Question Your Data
Now that you’ve found, sourced, and inspected some files, the next step to question your data by looking more deeply than what appears at its surface level. Read the source notes and examine the contents to reflect on what is explicitly stated—or unstated—to better understand its origin, context, and limitations. You cannot program a computer to do this step for you, as it requires critical-thinking skills to see beyond the characters and numbers appearing on your screen.
One place to start is to ask: What do the data labels really mean? and to consider these potential issues:
What are full definitions for abbreviated column headers?
Spreadsheets often contain abbreviated column headers, such as Elevation or Income. Sometimes the original software limited the number of characters that could be entered, or the people who created the header names preferred to keep them short. But was Elevation entered in meters or feet? An abbreviated data label does not answer that key question, so you’ll need to check the source notes, or if that’s not available, compare elevation data for a specific point in the dataset to a known source that includes the measurement unit. Similarly, if you’re working with US Census data, does the Income abbreviation refer to per person, per family, or per household? Also, does the value reflect the median (the mid-point in a range of numbers) or the mean (the average, calculated by adding up the sum and dividing by the number of values). Check definitions in the source notes.

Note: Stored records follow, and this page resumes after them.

lemma Ord_FOMR_subset_Ord_OMORL:
  fixes T :: "'s::finite \<Rightarrow> 'a::finite \<Rightarrow> 's pmf"
  shows "Ord_FOMR T I \<subseteq> Ord_OMORL T I"
proof
  fix r assume "r \<in> Ord_FOMR T I"
  then obtain f \<gamma> where r: "r = ord_of (\<lambda>\<pi>. f (occupancy T I \<gamma> \<pi>))" and discount: "0 \<le> \<gamma>" "\<gamma> < 1"
    unfolding Ord_FOMR_def by blast
  obtain n and e :: "nat \<Rightarrow> 's \<times> 'a \<times> 's" and d where d: "\<And>p. d p < n" "\<And>p. e (d p) = p"
    using finite_UNIV_enumeration by blast
  define R where "R i s a s' = (if e i = (s, a, s') then 1 else 0 :: real)" for i s a s'
  define F where "F xs = f (\<lambda>p. xs ! d p)" for xs :: "real list"
  have "disc_return T I \<gamma> (R i) \<pi> = (\<Sum>p\<in>UNIV. if p = e i then occupancy T I \<gamma> \<pi> p else 0)"
    for i \<pi>
    unfolding disc_return_eq_sum_occupancy[OF discount] by (rule sum.cong) (auto simp: R_def)
  then have "disc_return T I \<gamma> (R i) \<pi> = occupancy T I \<gamma> \<pi> (e i)" for i \<pi>
    by simp
  then have J: "(\<lambda>\<pi>. f (occupancy T I \<gamma> \<pi>)) = J_OMORL T I n R F \<gamma>"
    by (intro ext) (simp add: J_OMORL_def F_def d)
  show "r \<in> Ord_OMORL T I"
    unfolding Ord_OMORL_def r J
    by (intro CollectI exI[of _ n] exI[of _ R] exI[of _ F] exI[of _ \<gamma>]) (simp add: discount)
qed

lemma Ord_FOMR_subset_Ord_FTLR:
  fixes T :: "'s \<Rightarrow> 'a \<Rightarrow> 's pmf"
  shows "Ord_FOMR T I \<subseteq> Ord_FTLR T I"
proof
  fix r assume "r \<in> Ord_FOMR T I"
  then obtain f \<gamma> where r: "r = ord_of (\<lambda>\<pi>. f (occupancy T I \<gamma> \<pi>))"
    unfolding Ord_FOMR_def by blast
  define F where "F L = f (\<lambda>(s, a, s').
      \<Sum>t. \<gamma> ^ t * measure_pmf.prob (L (Suc t)) {x. step x t = (s, a, s')})"
    for L :: "nat \<Rightarrow> (('s \<times> 'a) list \<times> 's) pmf"
  have J: "(\<lambda>\<pi>. f (occupancy T I \<gamma> \<pi>)) = (\<lambda>\<pi>. F (lottery T I \<pi>))"
    by (simp add: F_def occupancy_def lottery_def)
  show "r \<in> Ord_FTLR T I"
    unfolding Ord_FTLR_def r J by (intro CollectI exI[of _ F]) simp
qed

lemma Ord_FTLR_subset_Ord_FOMR:
  fixes T :: "'s::finite \<Rightarrow> 'a::finite \<Rightarrow> 's pmf"
  shows "Ord_FTLR T I \<subseteq> Ord_FOMR T I"
proof
  fix r assume "r \<in> Ord_FTLR T I"
  then obtain f where r: "r = ord_of (\<lambda>\<pi>. f (lottery T I \<pi>))"
    unfolding Ord_FTLR_def by blast
  \<comment> \<open>any discount in (0, 1) would do\<close>
  let ?m = "occupancy T I (1 / 2)"
  define F where "F m = f (lottery T I (SOME \<pi>. ?m \<pi> = m))" for m
  have "F (?m \<pi>) = f (lottery T I \<pi>)" for \<pi>
  proof -
    have "?m (SOME \<pi>'. ?m \<pi>' = ?m \<pi>) = ?m \<pi>"
      by (rule someI[where x = \<pi>]) (rule refl)
    then have "lottery T I (SOME \<pi>'. ?m \<pi>' = ?m \<pi>) = lottery T I \<pi>"
      by (rule lottery_eq_if_occupancy_eq[rotated 2]) simp_all
    then show ?thesis
      by (simp add: F_def)
  qed
  then have J: "(\<lambda>\<pi>. f (lottery T I \<pi>)) = (\<lambda>\<pi>. F (?m \<pi>))"
    by simp
  show "r \<in> Ord_FOMR T I"
    unfolding Ord_FOMR_def r J by (intro CollectI exI[of _ F] exI[of _ "1 / 2"]) simp
qed

theorem theorem2:
  fixes T :: "'s::finite \<Rightarrow> 'a::finite \<Rightarrow> 's pmf" and I :: "'s pmf"
  shows "Ord_OMORL T I = Ord_FOMR T I \<and> Ord_FOMR T I = Ord_FTLR T I"
  using Ord_OMORL_subset_Ord_FOMR Ord_FOMR_subset_Ord_OMORL
    Ord_FOMR_subset_Ord_FTLR Ord_FTLR_subset_Ord_FOMR
  by (metis subset_antisym)

end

How exactly was the data recorded?
For example, was Elevation for a specific location measured by a GPS unit on the ground? Or was the location geocoded on a digital map that contains elevation data? In most cases the two methods will yield different results, and whether that matters depends on the degree of precision required in your work. Similarly, when the US Census reports data from its annual American Community Survey (ACS) estimates for Income and other variables, these are drawn from small samples of respondents for lower levels of geography, such as a census tract with roughly 4,000 residents, which can generate very high margins of error. For example, it’s not uncommon to see ACS estimates for a census tract with a mean family income of $50,000—but also with a $25,000 margin of error—which tells you that the actual value is somewhere between $25,000 and $75,000. As a result, some ACS estimates for small geographic units are effectively meaningless. Check how data was recorded, and note any reported margins of error, in the source notes. See also how to create error bars in Chapter 6: Chart Your Data.
To what extent is the data socially constructed?

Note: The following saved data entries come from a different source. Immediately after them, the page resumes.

lemma sum_PiE_Times_curry:
  "(\<Sum>h\<in>PiE (A \<times> B) (\<lambda>_. S). F h) = (\<Sum>H\<in>PiE A (\<lambda>_. PiE B (\<lambda>_. S)). F (\<lambda>(a, b). if a \<in> A \<and> b \<in> B then H a b else undefined))"
proof -
  let ?i = "\<lambda>H. (\<lambda>(a, b). if a \<in> A \<and> b \<in> B then H a b else undefined)"
  let ?j = "\<lambda>h. (\<lambda>a. if a \<in> A then (\<lambda>b. if b \<in> B then h (a, b) else undefined) else undefined)"
  have ij: "?i (?j h) = h" if "h \<in> PiE (A \<times> B) (\<lambda>_. S)" for h
  proof (rule ext)
    fix x show "?i (?j h) x = h x"
    proof (cases x)
      case (Pair a b)
      then show ?thesis using that by (auto simp: PiE_def extensional_def)
    qed
  qed
  show ?thesis
    by (rule sum.reindex_bij_witness[where i = ?i and j = ?j])
       (use ij in \<open>auto simp: PiE_def extensional_def fun_eq_iff Pi_def\<close>)
qed

lemma sum_PiE_mult_indicator:
  fixes c :: "'a::semiring_0"
  assumes "finite I" "finite S" "\<forall>i\<in>I. T i \<in> S"
  shows "(\<Sum>M\<in>PiE I (\<lambda>_. S). f M * (if \<forall>i\<in>I. M i = T i then c else 0)) = f (restrict T I) * c"
proof -
  have "(\<forall>i\<in>I. M i = T i) \<longleftrightarrow> M = restrict T I" if "M \<in> PiE I (\<lambda>_. S)" for M
    using that by (auto simp: PiE_iff extensional_def)
  then have "(\<Sum>M\<in>PiE I (\<lambda>_. S). f M * (if \<forall>i\<in>I. M i = T i then c else 0)) =
      (\<Sum>M\<in>PiE I (\<lambda>_. S). if M = restrict T I then f M * c else 0)"
    by (intro sum.cong) auto
  also have "\<dots> = f (restrict T I) * c"
    using assms by (simp add: finite_PiE)
  finally show ?thesis .
qed

lemma lattice_pf_one_row:
  assumes "\<forall>c\<in>{1..k}. T c \<le> K"
  shows "lattice_pf q K k Y X P T B r (Suc 0) = row_pf q K Y (X r) (P r) B T 1 k 0"
proof -
  have "lattice_pf q K k Y X P T B r (Suc 0) = row_pf q K Y (X r) (P r) B (restrict T {1..k}) 1 k 0"
    using assms by (simp add: sum_PiE_mult_indicator)
  also have "\<dots> = row_pf q K Y (X r) (P r) B T 1 k 0"
    by (rule row_pf_cong) auto
  finally show ?thesis .
qed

What do the data labels reveal or hide about how people defined categories in different social and political contexts, which differ across place and time? For example, we designed an interactive historical map of racial change for Hartford County, Connecticut using over 100 years of US Census data. But Census categories for race and ethnicity changed dramatically during those decades because people in power redefined these contested terms and moved who belonged in which group.
Into the 1930s, the US Census separated “Native White” and “Foreign-born White” in its official reports, then combined and generally reported these as “White” in later decades. Also, the Census classified “Mexican” as “Other races” in 1930, then moved this group back to “White” in 1940, then began to report “Puerto Rican or Spanish surname” data in 1960, followed by “Hispanic or Latino” in later decades, as an ethnic category that was distinct from race. The Census finally replaced “Negro” with “Black” in 1980, and in 2000 allow people to select more than one racial category, such as both “White” and “Black,” unlike prior decades when these terms were mutually exclusive and people could choose only one. As a result, historical changes in the social construction of race and ethnicity influenced how we designed our map to display “White” or “White alone” over time, with additional census categories relevant to each decade shown in the pop-up window, with our explanation of our decisions in the caption and source notes. There is no single definitive way to visualize socially-constructed data when definitions change across decades. But when you make choices about data, describe your thought process in the notes.

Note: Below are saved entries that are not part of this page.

lemma energies_vanish_at_optimum:
  assumes "arx_adm a b" "arx_cost L Gam F C D nK dK Phir lam a b \<le> lam / allpass_gain\<^sup>2"
  shows "ref_energy a b = 0" "noise_excess a b = 0"
proof -
  have c: "0 < lam / allpass_gain\<^sup>2"
    using lam_pos allpass_gain_pos by simp
  have nonneg: "0 \<le> ref_energy a b" "0 \<le> lam / allpass_gain\<^sup>2 * noise_excess a b"
    using energies_nonneg[OF assms(1)] less_imp_le[OF c] by (metis mult_nonneg_nonneg)+
  moreover have "ref_energy a b + lam / allpass_gain\<^sup>2 * noise_excess a b \<le> 0"
    using assms arx_cost_decomposition[OF assms(1)] pi_gt_zero by (auto simp: divide_le_0_iff)
  ultimately show "ref_energy a b = 0"
    by linarith
  have "lam / allpass_gain\<^sup>2 * noise_excess a b = 0"
    using nonneg \<open>ref_energy a b + _ \<le> 0\<close> by linarith
  with c show "noise_excess a b = 0"
    by (metis less_irrefl mult_eq_0_iff)
qed

lemma filters_at_optimum_on_circle:
  assumes adm: "arx_adm a b" and opt: "arx_cost L Gam F C D nK dK Phir lam a b \<le> lam / allpass_gain\<^sup>2"
    and w: "norm w = 1"
  shows "ref_filter a b w = 0" "noise_filter a b w = 1"
proof -
  define \<omega> where "\<omega> = - Arg w"
  have "w \<noteq> 0"
    using w by auto
  then have w_eq: "w = cis (-\<omega>)"
    using w by (simp add: \<omega>_def cis_Arg sgn_eq)
  have \<omega>: "\<omega> \<in> {-pi..pi}"
    using Arg_bounded[of w] by (simp add: \<omega>_def)
  have "(cmod (ref_filter a b (cis (-\<omega>))))\<^sup>2 = 0"
    using has_integral_ref_energy[OF adm] energies_vanish_at_optimum[OF adm opt] Phir_pos \<omega>
    by (intro has_integral_0_weighted_imp_0[where g = Phir and a = "-pi" and b = pi])
       (auto intro!: continuous_intros continuous_on_compose_cis_minus continuous_on_ref_filter adm)
  then show "ref_filter a b w = 0"
    by (simp add: w_eq)
  have "(cmod (noise_filter a b (cis (-\<omega>)) - 1))\<^sup>2 = 0"
    using has_integral_noise_excess[OF adm] energies_vanish_at_optimum[OF adm opt] \<omega>
    by (intro has_integral_0_weighted_imp_0[where g = "\<lambda>_. 1" and a = "-pi" and b = pi])
       (auto intro!: continuous_intros continuous_on_compose_cis_minus continuous_on_noise_filter adm)
  then show "noise_filter a b w = 1"
    by (simp add: w_eq)
qed

lemma optimum_eq_A_opt:
  assumes adm: "arx_adm a b" and opt: "arx_cost L Gam F C D nK dK Phir lam a b \<le> lam / allpass_gain\<^sup>2"
    and w: "norm w \<le> 1"
  shows "pseries a w = A_opt w"
proof -
  \<comment> \<open>dK \<Phi> is a combination of the two filter defects, which vanish on the circle.\<close>
  define \<Phi> where "\<Phi> z = pseries a z * poly (cpoly C) z * poly Fa_star z
      - poly (cpoly Gam) z * poly (cpoly D) z * poly Fa z" for z
  have sa: "summable (\<lambda>k. \<bar>a k\<bar>)"
    using adm by (simp add: arx_adm_def)
  have cont: "continuous_on (cball 0 1) \<Phi>"
    unfolding \<Phi>_def using sa by (auto intro!: continuous_intros continuous_on_pseries)
  have "poly (cpoly dK) z * \<Phi> z = 0" if "z \<in> cball 0 1" for z
  proof (rule holomorphic_vanishing_on_sphere[OF _ _ _ that])
    show "continuous_on (cball 0 1) (\<lambda>z. poly (cpoly dK) z * \<Phi> z)"
      using cont by (auto intro!: continuous_intros)
    show "(\<lambda>z. poly (cpoly dK) z * \<Phi> z) holomorphic_on ball 0 1"
      unfolding \<Phi>_def using sa by (auto intro!: holomorphic_intros holomorphic_on_pseries)
    fix z :: complex
    assume "z \<in> sphere 0 1"
    then have z: "norm z = 1"
      by simp
    have F: "poly (cpoly F) z = poly Fa z * poly Fs z"
      by (simp add: cpoly_F_factor)
    have "poly (cpoly dK) z * \<Phi> z
        = poly (cpoly Gam) z * poly (cpoly D) z * poly Fa z * poly (cpoly dK) z * (noise_filter a b z - 1)
          + poly (cpoly nK) z * poly (cpoly C) z * poly Fa_star z * ref_filter a b z"
      unfolding \<Phi>_def noise_filter_def ref_filter_def
      by (rule closed_loop_defect[OF poly_char_poly F nonzero_on_disk(2,4)]) (use z in auto)
    then show "poly (cpoly dK) z * \<Phi> z = 0"
      using filters_at_optimum_on_circle[OF adm opt z] by simp
  qed
  then have "\<Phi> w = 0"
    using continuous_on_cball_vanishing_off_finite[OF cont, of "{z. poly (cpoly dK) z = 0}"]
      poly_roots_finite[OF cpoly_nonzero[OF dK0]] w by auto
  then show ?thesis
    using nonzero_on_disk[OF w] by (simp add: \<Phi>_def A_opt_def field_simps)
qed

lemma zorder_A_opt_inverse:
  assumes "\<And>q. 1 < norm q \<Longrightarrow> f q = A_opt (inverse q)" "1 < norm p"
  shows "zorder f p = count Fa_roots (inverse p)"
proof (rule zorder_roots_poly_inverse)
  let ?h = "\<lambda>q. poly (cpoly Gam) (inverse q) * poly (cpoly D) (inverse q)
    / (poly (cpoly C) (inverse q) * poly Fa_star (inverse q))"
  have disk: "norm (inverse q) \<le> 1" if "q \<in> {q. 1 < norm q}" for q :: complex
    using that by (simp add: norm_inverse inverse_le_1_iff)
  show "open {q::complex. 1 < norm q}"
    by (intro open_Collect_less) (auto intro: continuous_intros)
  show "?h holomorphic_on {q. 1 < norm q}"
    using nonzero_on_disk[OF disk] by (auto intro!: holomorphic_intros)
  show "?h p \<noteq> 0"
    using nonzero_on_disk[OF disk] assms(2) by simp
  show "f q = poly Fa (inverse q) * ?h q" if "q \<in> {q. 1 < norm q}" for q
    using assms(1) that by (simp add: A_opt_def)
qed (use assms(2) in auto)

lemma tfH_eq_A_opt:
  assumes "1 \<le> norm q" "A_opt (inverse q) \<noteq> 0"
  shows "tfH C Gam D q = 1 / A_opt (inverse q) * (poly Fa (inverse q) / poly Fa_star (inverse q))"
proof -
  have "norm (inverse q) \<le> 1"
    using assms(1) by (simp add: norm_inverse inverse_le_1_iff)
  then show ?thesis
    using nonzero_on_disk assms(2) by (simp add: tfH_def qev_eq_poly A_opt_def field_simps)
qed

lemma norm_allpass_on_circle:
  assumes "norm w = 1"
  shows "norm (poly Fa_star w / poly Fa w) = allpass_gain"
  using norm_Fa_star_on_circle[OF assms] Fa_nonzero_on_circle[OF assms] by (simp add: norm_divide)

end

Here’s a paradox about working with data: some of these deep questions may not be fully answerable if the data was collected by someone other than yourself, especially if that person came from a distant place, or time period, or a different position in a social hierarchy. But even if you cannot fully answer these questions, don’t let that stop you from asking good questions about the origins, context, and underlying meaning of your data. Only by clarifying what we know—and what we don’t know—can we begin to recognize the limitations of the data. When you create visualizations, your job is also to acknowledge the limitations of the data by making thoughtful decisions about its design, and how you describe what it does—and does not—tell us. We’ll return to these topics when discussing chart design in Chapter 6 and telling your data story in Chapter 15.
This chapter reviewed two broad questions that everyone should ask during the early stages of their visualization project: Where can I find data? and What do I really know about it? We broke down both questions into more specific parts to develop your knowledge and skills in guiding questions for your search, engaging with debates over public and private data, masking and aggregating sensitive data, navigating open data repositories, sourcing data origins, recognizing bad data, and questioning your data more deeply than its surface level. Remember these lessons as you leap into the next few chapters on cleaning data and creating interactive charts and maps.